Dataset Trait SVR KRR ENET GBLUP BayesB
Beef cattle LW 0.274 ± 0.022 0.283 ± 0.019 0.276 ± 0.018 0.256 ± 0.017 0.265 ± 0.016
CW 0.307 ± 0.016 0.315 ± 0.015 0.315 ± 0.017 0.292 ± 0.014 0.282 ± 0.012
EMA 0.280 ± 0.025 0.281 ± 0.022 0.285 ± 0.024 0.292 ± 0.015 0.281 ± 0.015
Dairy cattle MY 0.764 ± 0.013 0.781 ± 0.009 0.762 ± 0.014 0.768 ± 0.006 0.767 ± 0.005
MFP 0.796 ± 0.012 0.828 ± 0.006 0.797 ± 0.012 0.832 ± 0.003 0.855 ± 0.003
SCS 0.706 ± 0.010 0.751 ± 0.008 0.722 ± 0.019 0.752 ± 0.006 0.731 ± 0.003
Loblolly pine HT 0.340 ± 0.027 0.352 ± 0.011 0.366 ± 0.014 0.349 ± 0.012 0.365 ± 0.009
CWAL 0.352 ± 0.022 0.359 ± 0.018 0.369 ± 0.022 0.384 ± 0.014 0.400 ± 0.011
TS 0.397 ± 0.017 0.407 ± 0.016 0.398 ± 0.015 0.366 ± 0.012 0.418 ± 0.013

The accuracy was calculated by the Pearson’s correlation.
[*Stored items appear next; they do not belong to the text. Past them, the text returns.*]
lemma EZ_end_nonneg: "EZ_end K Q \<mu> f \<beta> h N y \<ge> 0"
proof (induction N arbitrary: y rule: less_induct)
  case (less N)
  show ?case
  proof (cases N)
    case 0 then show ?thesis using \<mu>_invariant by (simp add: EZ_end_0 invariant_distribution_def)
  next
    case (Suc n)
    show ?thesis unfolding Suc EZ_end_Suc
    proof (rule sum_nonneg, intro mult_nonneg_nonneg)
      fix m assume m: "m \<in> {..n}"
      show "0 \<le> K (Suc n - m)" using K_pos[of "Suc n - m"] m by (simp add: less_imp_le)
      show "0 \<le> (\<Sum>z\<in>UNIV. EZ_end K Q \<mu> f \<beta> h m z * mpow Q (Suc n - m) z y)"
        using less.IH[of m] m Suc by (intro sum_nonneg mult_nonneg_nonneg mpow_nonneg[OF Q_stochastic]) auto
    qed simp
  qed
qed

definition rew_min :: "real \<Rightarrow> real \<Rightarrow> real" where
  "rew_min \<beta> h = Min (range (\<lambda>y. exp (\<beta> * f y + h)))"

definition rew_max :: "real \<Rightarrow> real \<Rightarrow> real" where
  "rew_max \<beta> h = Max (range (\<lambda>y. exp (\<beta> * f y + h)))"

lemma rew_min_le: "rew_min \<beta> h \<le> exp (\<beta> * f y + h)"
  unfolding rew_min_def by (rule Min_le) auto

lemma rew_max_ge: "exp (\<beta> * f y + h) \<le> rew_max \<beta> h"
  unfolding rew_max_def by (rule Max_ge) auto

lemma rew_min_pos: "rew_min \<beta> h > 0"
proof -
  have "rew_min \<beta> h \<in> range (\<lambda>y. exp (\<beta> * f y + h))" unfolding rew_min_def by (rule Min_in) auto
  then show ?thesis by auto
qed

lemma rew_max_pos: "rew_max \<beta> h > 0"
  using rew_max_ge[of \<beta> undefined h] exp_gt_zero[of "\<beta> * f undefined + h"] by linarith

text \<open>Keeping only the paths with a renewal at \<open>m\<close> and the next one at \<open>N\<close>.\<close>

lemma EZ_ge_K_EZ:
  assumes "m < N"
  shows "K (N - m) * rew_min \<beta> h * EZ K Q \<mu> f m \<beta> h \<le> EZ K Q \<mu> f N \<beta> h"
proof -
  obtain n where N: "N = Suc n" using assms by (cases N) auto
  define U where "U m' y = (\<Sum>z\<in>UNIV. EZ_end K Q \<mu> f \<beta> h m' z * mpow Q (N - m') z y)" for m' y
  have U_nonneg: "U m' y \<ge> 0" for m' y
    unfolding U_def by (intro sum_nonneg mult_nonneg_nonneg EZ_end_nonneg mpow_nonneg[OF Q_stochastic])
  have K_nonneg: "K (N - m') \<ge> 0" if "m' \<le> n" for m'
    using K_pos[of "N - m'"] that N by (simp add: less_imp_le)
  have "(\<Sum>y\<in>UNIV. U m y) = EZ K Q \<mu> f m \<beta> h"
    unfolding U_def EZ_eq_sum_EZ_end
    by (subst sum.swap) (simp add: sum_distrib_left[symmetric] mpow_row_sum[OF Q_stochastic])
  then have "K (N - m) * rew_min \<beta> h * EZ K Q \<mu> f m \<beta> h = (\<Sum>y\<in>UNIV. K (N - m) * rew_min \<beta> h * U m y)"
    by (simp add: sum_distrib_left[symmetric])
  also have "\<dots> \<le> (\<Sum>y\<in>UNIV. K (N - m) * U m y * exp (\<beta> * f y + h))"
  proof (rule sum_mono)
    fix y
    have "K (N - m) * U m y * rew_min \<beta> h \<le> K (N - m) * U m y * exp (\<beta> * f y + h)"
      using K_nonneg[of m] assms N U_nonneg[of m y] rew_min_le[of \<beta> h y]
      by (intro mult_left_mono mult_nonneg_nonneg) auto
    then show "K (N - m) * rew_min \<beta> h * U m y \<le> K (N - m) * U m y * exp (\<beta> * f y + h)"
      by (simp add: mult_ac)
  qed
  also have "\<dots> \<le> (\<Sum>y\<in>UNIV. \<Sum>m'\<le>n. K (N - m') * U m' y * exp (\<beta> * f y + h))"
    using assms N K_nonneg U_nonneg
    by (intro sum_mono member_le_sum) (auto intro!: mult_nonneg_nonneg)
  also have "\<dots> = EZ K Q \<mu> f N \<beta> h"
    unfolding EZ_eq_sum_EZ_end N EZ_end_Suc U_def N ..
  finally show ?thesis .
qed

lemma EZ_0: "EZ K Q \<mu> f 0 \<beta> h = 1"
  using \<mu>_invariant unfolding EZ_eq_sum_EZ_end EZ_end_0 invariant_distribution_def by simp

lemma EZ_ge_K: "N \<ge> 1 \<Longrightarrow> K N * rew_min \<beta> h \<le> EZ K Q \<mu> f N \<beta> h"
  using EZ_ge_K_EZ[of 0 N \<beta> h] by (simp add: EZ_0)

lemma EZ_pos: "EZ K Q \<mu> f N \<beta> h > 0"
proof (cases "N = 0")
  case False
  then have "0 < K N * rew_min \<beta> h" using K_pos[of N] rew_min_pos[of \<beta> h] by simp
  also have "\<dots> \<le> EZ K Q \<mu> f N \<beta> h" using EZ_ge_K[of N] False by simp
  finally show ?thesis .
qed (simp add: EZ_0)

end

text \<open>Tilting by \<open>e^{-bN}\<close> and testing against a positive eigenvector \<open>v\<close> of \<open>A(b, \<beta>, h)\<close>
  turns the matrix renewal equation into a scalar identity.\<close>

locale annealed_pinning_eigenvector = annealed_pinning K Q \<mu> f
  for K :: "nat \<Rightarrow> real" and Q :: "'x::finite \<Rightarrow> 'x \<Rightarrow> real" and \<mu> f +
  fixes \<beta> h b :: real and v :: "'x \<Rightarrow> real"
  assumes b_nonneg: "b \<ge> 0" and v_pos: "\<And>x. v x > 0"
    and v_eigen: "\<And>x. (\<Sum>y\<in>UNIV. Amat K Q f b \<beta> h x y * v y) = lam K Q f b \<beta> h * v x"
begin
LW, live weight; CW, carcass weight; EMA, eye muscle area; MY, milk yield; MFP, milk fat percentage; SCS, somatic cell score; HT, total stem height; CWAL, crown width along the planting beds; TS, tree stiffness. SVR, support vector regression; KRR, kernel ridge regression; ENET, elastic net; GBLUP, genomic best linear unbiased prediction. The bold values mean the highest prediction accuracy for each trait.